Beyond the rubble, the bones, and the dust, the caponniere widened into a larger space. It was the Dutch tunnel, now a scene of shadowy pandemonium. Still burning in a corner was the wick of a tallow lantern that was about to go out; it gave off a dim reddish light, barely enough to suggest the vague outlines of the shadows moaning nearby. Alatriste rolled out of the caponniere onto his knees, stuffed his pistol into his belt, and felt around with his free hand. Mendieta was wielding his spade without mercy, and a Dutch voice suddenly erupted in howls. Someone stumbled from the mouth of the caponniere onto the captain’s back; he could hear his comrades arriving one after the other. A pistol shot briefly lit the area, revealing bodies dragging themselves across the ground or lying motionless. The same fleeting flash illuminated Mendieta’s spade, red with blood.
A current of air from the depths of the Dutch tunnel was blowing dust and smoke toward the caponniere, and Alatriste cautiously felt his way toward it.
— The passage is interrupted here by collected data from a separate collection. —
lemma (in prob_space) square_expectation_le:
  fixes Y :: "'a \<Rightarrow> real"
  assumes "integrable M Y" and "integrable M (\<lambda>\<omega>. (Y \<omega>)\<^sup>2)"
  shows "(expectation Y)\<^sup>2 \<le> expectation (\<lambda>\<omega>. (Y \<omega>)\<^sup>2)"
  using variance_eq[OF assms] variance_positive[of Y] by linarith

lemma nn_integral_eq_if_distr_eq:
  assumes "distr M borel Y = distr M borel Z"
    and "Y \<in> borel_measurable M" "Z \<in> borel_measurable M" "g \<in> borel_measurable borel"
  shows "(\<integral>\<^sup>+\<omega>. g (Y \<omega>) \<partial>M) = (\<integral>\<^sup>+\<omega>. g (Z \<omega>) \<partial>M)"
proof -
  have "(\<integral>\<^sup>+\<omega>. g (Y \<omega>) \<partial>M) = (\<integral>\<^sup>+y. g y \<partial>distr M borel Y)"
    using assms(2-4) by (simp add: nn_integral_distr)
  also have "\<dots> = (\<integral>\<^sup>+y. g y \<partial>distr M borel Z)" by (simp only: assms(1))
  also have "\<dots> = (\<integral>\<^sup>+\<omega>. g (Z \<omega>) \<partial>M)"
    using assms(2-4) by (simp add: nn_integral_distr)
  finally show ?thesis .
qed

lemma weight_le_shift:
  assumes "weight \<theta>"
  shows "\<theta> x \<le> \<theta> (x + z) * \<theta> (- z)"
  using assms unfolding weight_def by (metis add_diff_cancel_right' diff_minus_eq_add)

lemma weight_eq_0_if_at_0:
  assumes "weight \<theta>" and "\<theta> 0 = 0"
  shows "\<theta> x = 0"
proof -
  have "\<theta> x \<le> \<theta> x * \<theta> 0" and "0 \<le> \<theta> x"
    using assms(1) unfolding weight_def by (metis add.right_neutral, blast)
  then show ?thesis using assms(2) by simp
qed

lemma weight_exp: "weight (\<lambda>x. exp (c * x))"
  unfolding weight_def by (auto simp: distrib_left exp_add)

lemma levy_process_prob_space: "levy_process M X \<Longrightarrow> prob_space M"
  by (simp add: levy_process_def)

lemma levy_process_measurable: "levy_process M X \<Longrightarrow> 0 \<le> t \<Longrightarrow> X t \<in> borel_measurable M"
  by (simp add: levy_process_def)

lemma levy_process_AE_start: "levy_process M X \<Longrightarrow> AE \<omega> in M. X 0 \<omega> = 0"
  by (simp add: levy_process_def)

lemma levy_process_indep_increments:
  assumes "levy_process M X" and "0 \<le> s" and "0 \<le> t"
  shows "prob_space.indep_vars M (\<lambda>_. borel)
           (\<lambda>i \<omega>. X ([0, s, s + t] ! Suc i) \<omega> - X ([0, s, s + t] ! i) \<omega>) {..<2}"
  using assms unfolding levy_process_def
  by (elim conjE) (drule spec[of _ "[0, s, s + t]"], drule spec[of _ 2], auto)

lemma levy_process_nn_integral_increment:
  assumes L: "levy_process M X" and s: "0 \<le> s" and t: "0 \<le> t"
    and g: "g \<in> borel_measurable borel"
  shows "(\<integral>\<^sup>+\<omega>. g (X (s + t) \<omega> - X s \<omega>) \<partial>M) = (\<integral>\<^sup>+\<omega>. g (X t \<omega>) \<partial>M)"
proof (rule nn_integral_eq_if_distr_eq[OF _ _ _ g])
  show "distr M borel (\<lambda>\<omega>. X (s + t) \<omega> - X s \<omega>) = distr M borel (X t)"
    using L s t unfolding levy_process_def by blast
  show "(\<lambda>\<omega>. X (s + t) \<omega> - X s \<omega>) \<in> borel_measurable M" "X t \<in> borel_measurable M"
    using levy_process_measurable[OF L] s t by (auto intro: borel_measurable_diff)
qed

lemma levy_process_AE_right_continuous:
  "levy_process M X \<Longrightarrow> AE \<omega> in M. \<forall>t\<ge>0. continuous (at_right t) (\<lambda>s. X s \<omega>)"
  unfolding levy_process_def by (elim conjE) (erule AE_mp, auto)

lemma symmetric_levy_levy_process: "symmetric_levy_with_densities M X p \<Longrightarrow> levy_process M X"
  by (simp add: symmetric_levy_with_densities_def)
(* Let $G$ be a simple plane graph on $n\geq 2$ vertices that contains neither $K_4$ nor $C_5$ as a subgraph, and such that every maximal $2$-connected subgraph of $G$ has at most $4$ vertices. Then $e(G)\leq 2n-\frac{15}{7}$.
   Context: $K_4$ is the complete graph on $4$ vertices, $C_5$ the cycle on $5$ vertices; $e(G)$ is the number of edges of $G$. A maximal $2$-connected subgraph (a block) is understood in the usual sense, where a single edge (bridge) counts as a block on $2$ vertices. *)

theory Defs
  imports "HOL-Analysis.Analysis"
begin

definition simple_graph :: "'a set \<Rightarrow> 'a set set \<Rightarrow> bool" where
  "simple_graph V E \<longleftrightarrow> finite V \<and> (\<forall>e\<in>E. \<exists>u v. u \<in> V \<and> v \<in> V \<and> u \<noteq> v \<and> e = {u, v})"

definition plane_embedding :: "'a set \<Rightarrow> 'a set set \<Rightarrow> ('a \<Rightarrow> complex) \<Rightarrow> ('a set \<Rightarrow> real \<Rightarrow> complex) \<Rightarrow> bool" where
  "plane_embedding V E f \<gamma> \<longleftrightarrow>
     inj_on f V \<and>
     (\<forall>e\<in>E. arc (\<gamma> e) \<and> {pathstart (\<gamma> e), pathfinish (\<gamma> e)} = f ` e
             \<and> path_image (\<gamma> e) \<inter> f ` V = f ` e) \<and>
     (\<forall>e\<in>E. \<forall>e'\<in>E. e \<noteq> e' \<longrightarrow> path_image (\<gamma> e) \<inter> path_image (\<gamma> e') \<subseteq> f ` (e \<inter> e'))"

definition plane_graph :: "'a set \<Rightarrow> 'a set set \<Rightarrow> bool" where
  "plane_graph V E \<longleftrightarrow> simple_graph V E \<and> (\<exists>f \<gamma>. plane_embedding V E f \<gamma>)"

definition has_K4 :: "'a set \<Rightarrow> 'a set set \<Rightarrow> bool" where
  "has_K4 V E \<longleftrightarrow> (\<exists>S. S \<subseteq> V \<and> card S = 4 \<and> (\<forall>u\<in>S. \<forall>v\<in>S. u \<noteq> v \<longrightarrow> {u, v} \<in> E))"

definition has_C5 :: "'a set \<Rightarrow> 'a set set \<Rightarrow> bool" where
  "has_C5 V E \<longleftrightarrow> (\<exists>c :: nat \<Rightarrow> 'a. inj_on c {0..<5} \<and> c ` {0..<5} \<subseteq> V \<and>
       (\<forall>i<5. {c i, c ((i + 1) mod 5)} \<in> E))"

definition adj_on :: "'a set set \<Rightarrow> 'a set \<Rightarrow> ('a \<times> 'a) set" where
  "adj_on E S = {(u, v). u \<in> S \<and> v \<in> S \<and> {u, v} \<in> E}"

definition connected_on :: "'a set set \<Rightarrow> 'a set \<Rightarrow> bool" where
  "connected_on E S \<longleftrightarrow> (\<forall>u\<in>S. \<forall>v\<in>S. (u, v) \<in> (adj_on E S)\<^sup>*)"

text \<open>2-connected in the block sense: at least 2 vertices, connected, no cut vertex
  (so a single edge counts).\<close>
definition two_connected_on :: "'a set set \<Rightarrow> 'a set \<Rightarrow> bool" where
  "two_connected_on E S \<longleftrightarrow> card S \<ge> 2 \<and> connected_on E S \<and> (\<forall>x\<in>S. connected_on E (S - {x}))"

definition is_block :: "'a set \<Rightarrow> 'a set set \<Rightarrow> 'a set \<Rightarrow> bool" where
  "is_block V E B \<longleftrightarrow> B \<subseteq> V \<and> two_connected_on E B \<and>
     (\<forall>B'. B \<subseteq> B' \<and> B' \<subseteq> V \<and> two_connected_on E B' \<longrightarrow> B' = B)"

end

theory Submission
  imports Defs
begin

text \<open>
  The hypotheses already force the sharper bound \<open>e(G) \<le> 2n - 3\<close>.  A \<open>K\<^sub>4\<close>-free graph on \<open>k \<in> {2,3,4}\<close> vertices has at
  most \<open>2k - 3\<close> edges.  A vertex set that is not 2-connected splits into two proper
  parts sharing at most one vertex (a separation at a component or a cut vertex) such
  that every edge lies inside one of the parts; the bound \<open>2k - 3\<close> is additive over
  such splits, so induction on the number of vertices reduces everything to the
  2-connected pieces, which have at most 4 vertices.
\<close>

definition edges_within :: "'a set set \<Rightarrow> 'a set \<Rightarrow> 'a set set" where
  "edges_within E W = {e \<in> E. e \<subseteq> W}"

lemma finite_edges_within: "finite W \<Longrightarrow> finite (edges_within E W)"
  unfolding edges_within_def by (rule finite_subset[of _ "Pow W"]) auto

lemma edges_within_mono: "A \<subseteq> B \<Longrightarrow> edges_within E A \<subseteq> edges_within E B"
  unfolding edges_within_def by auto

lemma simple_graph_edgeE:
  assumes "simple_graph V E" "e \<in> E"
  obtains p q where "e = {p, q}" "p \<noteq> q" "p \<in> V" "q \<in> V"
  using assms unfolding simple_graph_def by blast

lemma edges_within_card_le_1:
  assumes "simple_graph V E" "finite A" "card A \<le> 1"
  shows "edges_within E A = {}"
proof (rule ccontr)
  assume "edges_within E A \<noteq> {}"
  then obtain e where "e \<in> E" "e \<subseteq> A" unfolding edges_within_def by auto
  then obtain p q where "e = {p, q}" "p \<noteq> q" using simple_graph_edgeE[OF assms(1)] by metis
  then have "card e = 2" by simp
  with card_mono[OF assms(2) \<open>e \<subseteq> A\<close>] assms(3) show False by simp
qed

lemma not_connected_on_split:
  assumes sg: "simple_graph V E" and "\<not> connected_on E S"
  obtains A B where "S = A \<union> B" "A \<inter> B = {}" "A \<noteq> {}" "B \<noteq> {}"
    "edges_within E S \<subseteq> edges_within E A \<union> edges_within E B"
proof -
  let ?R = "adj_on E S"
  obtain u v where uv: "u \<in> S" "v \<in> S" "(u, v) \<notin> ?R\<^sup>*"
    using assms(2) unfolding connected_on_def by blast
  define A where "A = {w \<in> S. (u, w) \<in> ?R\<^sup>*}"
  have closed: "q \<in> A" if "{p, q} \<in> E" "p \<in> A" "q \<in> S" for p q
  proof -
    have "(p, q) \<in> ?R" using that unfolding A_def adj_on_def by auto
    with that show ?thesis unfolding A_def by (auto intro: rtrancl_into_rtrancl)
  qed
  have "edges_within E S \<subseteq> edges_within E A \<union> edges_within E (S - A)"
  proof
    fix e assume e: "e \<in> edges_within E S"
    then have "e \<in> E" "e \<subseteq> S" unfolding edges_within_def by auto
    then obtain p q where pq: "e = {p, q}" using simple_graph_edgeE[OF sg] by metis
    have "{q, p} \<in> E" using \<open>e \<in> E\<close> pq by (simp add: insert_commute)
    then show "e \<in> edges_within E A \<union> edges_within E (S - A)"
      using closed \<open>e \<in> E\<close> \<open>e \<subseteq> S\<close> pq unfolding edges_within_def by blast
  qed
  moreover have "u \<in> A" "v \<in> S - A" using uv unfolding A_def by auto
  ultimately show ?thesis using that[of A "S - A"] unfolding A_def by blast
qed

lemma not_two_connected_on_split:
  assumes sg: "simple_graph V E" and "card W \<ge> 2" and "\<not> two_connected_on E W"
  obtains A B where "W = A \<union> B" "A - B \<noteq> {}" "B - A \<noteq> {}" "card (A \<inter> B) \<le> 1"
    "edges_within E W \<subseteq> edges_within E A \<union> edges_within E B"
proof -
  consider "\<not> connected_on E W" | x where "x \<in> W" "\<not> connected_on E (W - {x})"
    using assms(2,3) unfolding two_connected_on_def by auto
  then show ?thesis
  proof cases
    case 1
    with not_connected_on_split[OF sg] obtain A B where
      "W = A \<union> B" "A \<inter> B = {}" "A \<noteq> {}" "B \<noteq> {}"
      "edges_within E W \<subseteq> edges_within E A \<union> edges_within E B" by metis
    then show ?thesis using that[of A B] by auto
  next
    case (2 x)
    with not_connected_on_split[OF sg] obtain A B where
      AB: "W - {x} = A \<union> B" "A \<inter> B = {}" "A \<noteq> {}" "B \<noteq> {}" and
      cover: "edges_within E (W - {x}) \<subseteq> edges_within E A \<union> edges_within E B" by metis
    have "edges_within E W \<subseteq> edges_within E (A \<union> {x}) \<union> edges_within E (B \<union> {x})"
    proof
      fix e assume e: "e \<in> edges_within E W"
      then have "e \<in> E" "e \<subseteq> W" unfolding edges_within_def by auto
      then obtain p q where pq: "e = {p, q}" using simple_graph_edgeE[OF sg] by metis
      show "e \<in> edges_within E (A \<union> {x}) \<union> edges_within E (B \<union> {x})"
      proof (cases "x \<in> e")
        case True
        then show ?thesis using \<open>e \<in> E\<close> \<open>e \<subseteq> W\<close> pq AB(1) unfolding edges_within_def by blast
      next
        case False
        then have "e \<in> edges_within E (W - {x})" using e unfolding edges_within_def by auto
        then show ?thesis using cover edges_within_mono[of A "A \<union> {x}" E]
            edges_within_mono[of B "B \<union> {x}" E] by blast
      qed
    qed
    moreover have "W = (A \<union> {x}) \<union> (B \<union> {x})" using AB(1) 2(1) by blast
    moreover have "(A \<union> {x}) - (B \<union> {x}) \<noteq> {}" "(B \<union> {x}) - (A \<union> {x}) \<noteq> {}"
      using AB by auto
    moreover have "card ((A \<union> {x}) \<inter> (B \<union> {x})) \<le> 1" using AB(2) by simp
    ultimately show ?thesis using that[of "A \<union> {x}" "B \<union> {x}"] by blast
  qed
qed

lemma card_edges_within_le_choose:
  assumes sg: "simple_graph V E" and fin: "finite W"
  shows "card (edges_within E W) \<le> card W choose 2"
    and "card (edges_within E W) = card W choose 2 \<Longrightarrow> \<forall>u\<in>W. \<forall>v\<in>W. u \<noteq> v \<longrightarrow> {u, v} \<in> E"
proof -
  let ?P = "{B. B \<subseteq> W \<and> card B = 2}"
  have sub: "edges_within E W \<subseteq> ?P"
  proof
    fix e assume "e \<in> edges_within E W"
    then have "e \<in> E" "e \<subseteq> W" unfolding edges_within_def by auto
    then obtain p q where "e = {p, q}" "p \<noteq> q" using simple_graph_edgeE[OF sg] by metis
    with \<open>e \<subseteq> W\<close> show "e \<in> ?P" by simp
  qed
  have finP: "finite ?P" using fin by auto
  have cardP: "card ?P = card W choose 2" using n_subsets[OF fin] by simp
  show "card (edges_within E W) \<le> card W choose 2" using card_mono[OF finP sub] cardP by simp
  assume "card (edges_within E W) = card W choose 2"
  then have "edges_within E W = ?P" using card_subset_eq[OF finP sub] cardP by simp
  then show "\<forall>u\<in>W. \<forall>v\<in>W. u \<noteq> v \<longrightarrow> {u, v} \<in> E" unfolding edges_within_def by auto
qed

lemma card_edges_within_small_K4_free:
  assumes sg: "simple_graph V E" and "\<not> has_K4 V E"
    and W: "W \<subseteq> V" "2 \<le> card W" "card W \<le> 4"
  shows "card (edges_within E W) + 3 \<le> 2 * card W"
proof -
  have fin: "finite W" using W(2) card.infinite by fastforce
  note le = card_edges_within_le_choose(1)[OF sg fin]
  have "card W = 2 \<or> card W = 3 \<or> card W = 4" using W by auto
  then show ?thesis
  proof (elim disjE)
    assume "card W = 4"
    have "card (edges_within E W) \<noteq> card W choose 2"
      using card_edges_within_le_choose(2)[OF sg fin] assms(2) W(1) \<open>card W = 4\<close>
      unfolding has_K4_def by blast
    with le \<open>card W = 4\<close> show ?thesis by (simp add: numeral_eq_Suc)
  qed (use le in \<open>simp_all add: numeral_eq_Suc\<close>)
qed

lemma card_edges_within_le:
  assumes sg: "simple_graph V E" and K4: "\<not> has_K4 V E"
    and small: "\<And>S. S \<subseteq> V \<Longrightarrow> two_connected_on E S \<Longrightarrow> card S \<le> 4"
    and "W \<subseteq> V" "2 \<le> card W"
  shows "card (edges_within E W) + 3 \<le> 2 * card W"
  using assms(4,5)
proof (induction "card W" arbitrary: W rule: less_induct)
  case less
  have fin: "finite W" using less.prems(2) card.infinite by fastforce
  show ?case
  proof (cases "two_connected_on E W")
    case True
    with less.prems small card_edges_within_small_K4_free[OF sg K4] show ?thesis by blast
  next
    case False
    with not_two_connected_on_split[OF sg less.prems(2)] obtain A B where
      AB: "W = A \<union> B" "A - B \<noteq> {}" "B - A \<noteq> {}" "card (A \<inter> B) \<le> 1" and
      cover: "edges_within E W \<subseteq> edges_within E A \<union> edges_within E B" by metis
    have fAB: "finite A" "finite B" using fin AB by auto
    have bound: "card (edges_within E X) + 3 \<le> 2 * card X \<or>
                   card X \<le> 1 \<and> card (edges_within E X) = 0"
      if "X \<subseteq> W" "card X < card W" for X
    proof (cases "2 \<le> card X")
      case True
      moreover have "X \<subseteq> V" using that(1) less.prems(1) by blast
      ultimately show ?thesis using less.hyps[OF that(2)] by blast
    next
      case False
      then show ?thesis
        using edges_within_card_le_1[OF sg finite_subset[OF that(1) fin]] by simp
    qed
    have "A \<subset> W" "B \<subset> W" "A \<inter> B \<subset> A" "A \<inter> B \<subset> B" using AB(1-3) by auto
    then have lt: "card A < card W" "card B < card W"
      "card (A \<inter> B) < card A" "card (A \<inter> B) < card B"
      using fin fAB by (auto intro: psubset_card_mono)
    have "A \<subseteq> W" "B \<subseteq> W" using AB(1) by auto
    note IH = bound[OF \<open>A \<subseteq> W\<close> lt(1)] bound[OF \<open>B \<subseteq> W\<close> lt(2)]
    have "card A + card B = card W + card (A \<inter> B)"
      using card_Un_Int[OF fAB] AB(1) by simp
    moreover have "card (edges_within E W) \<le> card (edges_within E A) + card (edges_within E B)"
    proof -
      have "card (edges_within E W) \<le> card (edges_within E A \<union> edges_within E B)"
        using cover fAB by (intro card_mono) (auto intro: finite_edges_within)
      also have "\<dots> \<le> card (edges_within E A) + card (edges_within E B)" by (rule card_Un_le)
      finally show ?thesis .
    qed
    ultimately show ?thesis using IH AB(4) lt(3,4) less.prems(2) by linarith
  qed
qed

lemma two_connected_on_subset_block:
  assumes "finite V" "S \<subseteq> V" "two_connected_on E S"
  obtains B where "is_block V E B" "S \<subseteq> B"
proof -
  define F where "F = {B'. S \<subseteq> B' \<and> B' \<subseteq> V \<and> two_connected_on E B'}"
  have "F \<subseteq> Pow V" unfolding F_def by blast
  then have "finite F" using assms(1) finite_subset by blast
  moreover have "S \<in> F" using assms unfolding F_def by simp
  ultimately obtain B where B: "B \<in> F" and max: "\<And>B'. B' \<in> F \<Longrightarrow> B \<subseteq> B' \<Longrightarrow> B = B'"
    using finite_has_maximal[of F] by blast
  have "is_block V E B" unfolding is_block_def
  proof (intro conjI allI impI)
    show "B \<subseteq> V" "two_connected_on E B" using B unfolding F_def by simp_all
    fix B' assume "B \<subseteq> B' \<and> B' \<subseteq> V \<and> two_connected_on E B'"
    with B max[of B'] show "B' = B" unfolding F_def by auto
  qed
  moreover have "S \<subseteq> B" using B unfolding F_def by simp
  ultimately show ?thesis using that by blast
qed

theorem corollary2:
  fixes V :: "'a set" and E :: "'a set set"
  assumes "plane_graph V E"
    and "card V \<ge> 2"
    and "\<not> has_K4 V E"
    and "\<not> has_C5 V E"
    and "\<forall>B. is_block V E B \<longrightarrow> card B \<le> 4"
  shows "real (card E) \<le> 2 * real (card V) - 15 / 7"
proof -
  have sg: "simple_graph V E" using assms(1) unfolding plane_graph_def by simp
  then have fin: "finite V" unfolding simple_graph_def by simp
  have small: "card S \<le> 4" if S: "S \<subseteq> V" "two_connected_on E S" for S
  proof -
    obtain B where "is_block V E B" "S \<subseteq> B"
      using two_connected_on_subset_block[OF fin S] .
    moreover have "finite B" using \<open>is_block V E B\<close> fin finite_subset
      unfolding is_block_def by blast
    ultimately show ?thesis using assms(5) card_mono order_trans by blast
  qed
  have "edges_within E V = E" using sg unfolding edges_within_def simple_graph_def by auto
  with card_edges_within_le[OF sg assms(3) small _ assms(2)]
  have "card E + 3 \<le> 2 * card V" by simp
  then show ?thesis by linarith
qed

end
definition H_iso :: "(complex \<Rightarrow> 'u::ab_group_add \<Rightarrow> 'u) \<Rightarrow> 'u set \<Rightarrow> ('u \<Rightarrow> 'u) \<Rightarrow> ('u \<Rightarrow> 'u) \<Rightarrow> ('u \<Rightarrow> 'u)
    \<Rightarrow> (complex \<Rightarrow> 'v::ab_group_add \<Rightarrow> 'v) \<Rightarrow> 'v set \<Rightarrow> ('v \<Rightarrow> 'v) \<Rightarrow> ('v \<Rightarrow> 'v) \<Rightarrow> ('v \<Rightarrow> 'v) \<Rightarrow> bool" where
  "H_iso sc1 V1 X1 Y1 H1 sc2 V2 X2 Y2 H2 \<longleftrightarrow> (\<exists>\<phi>. bij_betw \<phi> V1 V2
     \<and> (\<forall>u\<in>V1. \<forall>v\<in>V1. \<phi> (u + v) = \<phi> u + \<phi> v)
     \<and> (\<forall>c. \<forall>v\<in>V1. \<phi> (sc1 c v) = sc2 c (\<phi> v))
     \<and> (\<forall>v\<in>V1. \<phi> (X1 v) = X2 (\<phi> v) \<and> \<phi> (Y1 v) = Y2 (\<phi> v) \<and> \<phi> (H1 v) = H2 (\<phi> v)))"

definition primitive_root_of_unity :: "nat \<Rightarrow> complex \<Rightarrow> bool" where
  "primitive_root_of_unity n w \<longleftrightarrow> w ^ n = 1 \<and> (\<forall>k. 0 < k \<and> k < n \<longrightarrow> w ^ k \<noteq> 1)"

text \<open>Model modules: C[t]/(g) with deg g = n is represented by the remainders, i.e. the
  polynomials of degree < n (basis t^0,...,t^(n-1)), with scalar multiplication smult.\<close>

definition polys_below :: "nat \<Rightarrow> complex poly set" where
  "polys_below n = {p. degree p < n}"

definition lin_ext :: "nat \<Rightarrow> (nat \<Rightarrow> complex poly) \<Rightarrow> complex poly \<Rightarrow> complex poly" where
  "lin_ext n g p = (\<Sum>j<n. smult (coeff p j) (g j))"

text \<open>t^k (k an integer) in C[t]/(t^n - a), a nonzero: t^k = a^(k div n) t^(k mod n).\<close>
definition qpow :: "nat \<Rightarrow> complex \<Rightarrow> int \<Rightarrow> complex poly" where
  "qpow n a k = smult (a powi (k div n)) (monom 1 (nat (k mod n)))"

definition modA_X :: "complex \<Rightarrow> complex poly \<Rightarrow> complex poly" where
  "modA_X a = lin_ext 1 (\<lambda>j. smult a (monom 1 0))"
definition modA_H :: "complex poly \<Rightarrow> complex poly" where
  "modA_H = lin_ext 1 (\<lambda>j. 0)"
definition modA_Y :: "complex \<Rightarrow> complex poly \<Rightarrow> complex poly" where
  "modA_Y b = lin_ext 1 (\<lambda>j. smult b (monom 1 0))"

definition modB_H :: "nat \<Rightarrow> complex \<Rightarrow> complex \<Rightarrow> complex \<Rightarrow> complex poly \<Rightarrow> complex poly" where
  "modB_H n w a b = lin_ext n (\<lambda>i. smult (b * w ^ i) (qpow n a (int i)))"
definition modB_X :: "nat \<Rightarrow> complex \<Rightarrow> complex \<Rightarrow> complex \<Rightarrow> complex poly \<Rightarrow> complex poly" where
  "modB_X n w a b = lin_ext n (\<lambda>i. qpow n a (int i + 1))"
definition modB_Y :: "nat \<Rightarrow> complex \<Rightarrow> complex \<Rightarrow> complex \<Rightarrow> complex \<Rightarrow> complex poly \<Rightarrow> complex poly" where
  "modB_Y n w a b z = lin_ext n (\<lambda>i. smult (b * w ^ i + z) (qpow n a (int i - 1)))"
definition region :: "nat \<Rightarrow> real \<Rightarrow> real set" where
  "region \<kappa> v =
     (if v > real \<kappa> then {x. x > real \<kappa>}
      else if v \<in> \<nat> then {v}
      else {x. real_of_int \<lfloor>v\<rfloor> < x \<and> x < real_of_int \<lfloor>v\<rfloor> + 1})"

fun add_first :: "real \<Rightarrow> 'a tword \<Rightarrow> 'a tword" where
  "add_first d [] = []"
| "add_first d ((\<sigma>, t) # e) = (\<sigma>, t + d) # e"

definition test :: "('a tword \<Rightarrow> bool) \<Rightarrow> 'a tword \<Rightarrow> 'a tword \<Rightarrow> nat \<Rightarrow> nat \<Rightarrow> 'a tword \<Rightarrow> bool" where
  "test MQ w1 w2 i1 i2 e =
     (if e = [] then MQ w1 = MQ w2
      else (let v1 = nu_c w1 i1; v2 = nu_c w2 i2; d = \<bar>v1 - v2\<bar>;
                e1 = (if v1 < v2 then add_first d e else e);
                e2 = (if v2 < v1 then add_first d e else e)
            in MQ (w1 @ e1) = MQ (w2 @ e2)))"

fun lcp_len :: "'a list \<Rightarrow> 'a list \<Rightarrow> nat" where
  "lcp_len (x # xs) (y # ys) = (if x = y then Suc (lcp_len xs ys) else 0)"
| "lcp_len _ _ = 0"

definition valid_combs :: "'a tword \<Rightarrow> 'a tword \<Rightarrow> (nat \<times> nat) set" where
  "valid_combs w1 w2 = {(i1, i2). i1 \<le> length w1 \<and> i2 \<le> length w2 \<and>
      ((i1 \<le> lcp_len w1 w2 \<and> i2 \<le> lcp_len w1 w2) \<longrightarrow> i1 = i2)}"

definition ftab :: "('a tword \<Rightarrow> bool) \<Rightarrow> 'a tword set \<Rightarrow> 'a tword \<Rightarrow> 'a tword \<Rightarrow> nat \<Rightarrow> nat \<Rightarrow> bool" where
  "ftab MQ E w1 w2 i1 i2 \<longleftrightarrow> (\<forall>e \<in> E. test MQ w1 w2 i1 i2 e)"

definition obs_table :: "'a set \<Rightarrow> 'a tword set \<Rightarrow> 'a tword set \<Rightarrow> 'a tword set \<Rightarrow> 'a tword set \<Rightarrow> bool" where
  "obs_table Alph S Sp R E \<longleftrightarrow>
     finite S \<and> finite Sp \<and> finite R \<and> finite E \<and>
     S \<inter> Sp = {} \<and> S \<inter> R = {} \<and> Sp \<inter> R = {} \<and>
     (\<forall>w \<in> S \<union> Sp \<union> R \<union> E. tword_over Alph w) \<and>
     (\<forall>w \<in> S \<union> Sp \<union> R. \<forall>i \<le> length w. take i w \<in> S \<union> Sp \<union> R) \<and>
     [] \<in> S \<and>
     (\<forall>w \<in> S \<union> Sp. \<forall>\<sigma> \<in> Alph. w @ [(\<sigma>, 0)] \<in> S \<union> Sp \<union> R) \<and>
     [] \<in> E"

definition lr :: "('a tword \<Rightarrow> bool) \<Rightarrow> 'a tword \<Rightarrow> nat \<Rightarrow> bool" where
  "lr b w i \<longleftrightarrow> b (take i w) \<and> (\<forall>j. i < j \<and> j \<le> length w \<longrightarrow> \<not> b (take j w))"

definition LR :: "('a tword \<Rightarrow> bool) \<Rightarrow> 'a tword \<Rightarrow> 'a tword \<Rightarrow> nat \<Rightarrow> nat \<Rightarrow> bool" where
  "LR b w1 w2 i j \<longleftrightarrow> lr b w1 i \<and> lr b w2 j"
He bumped into something alive, alive enough that a Flemish curse preceded the flash of a shot that nearly blinded the captain and singed the hairs on his face. He lunged forward, grabbed his adversary, and slashed twice, up and across, meeting only air, and then another two slashes forward, the second finding flesh. He heard a scream and then the sound of a body scrabbling away; in a second, Alatriste was after him, guided by the fleeing man’s cries of pain. He trapped him finally, catching him by the foot, and drove his dagger from that foot upward, again and again, until his prey ceased to shout or move.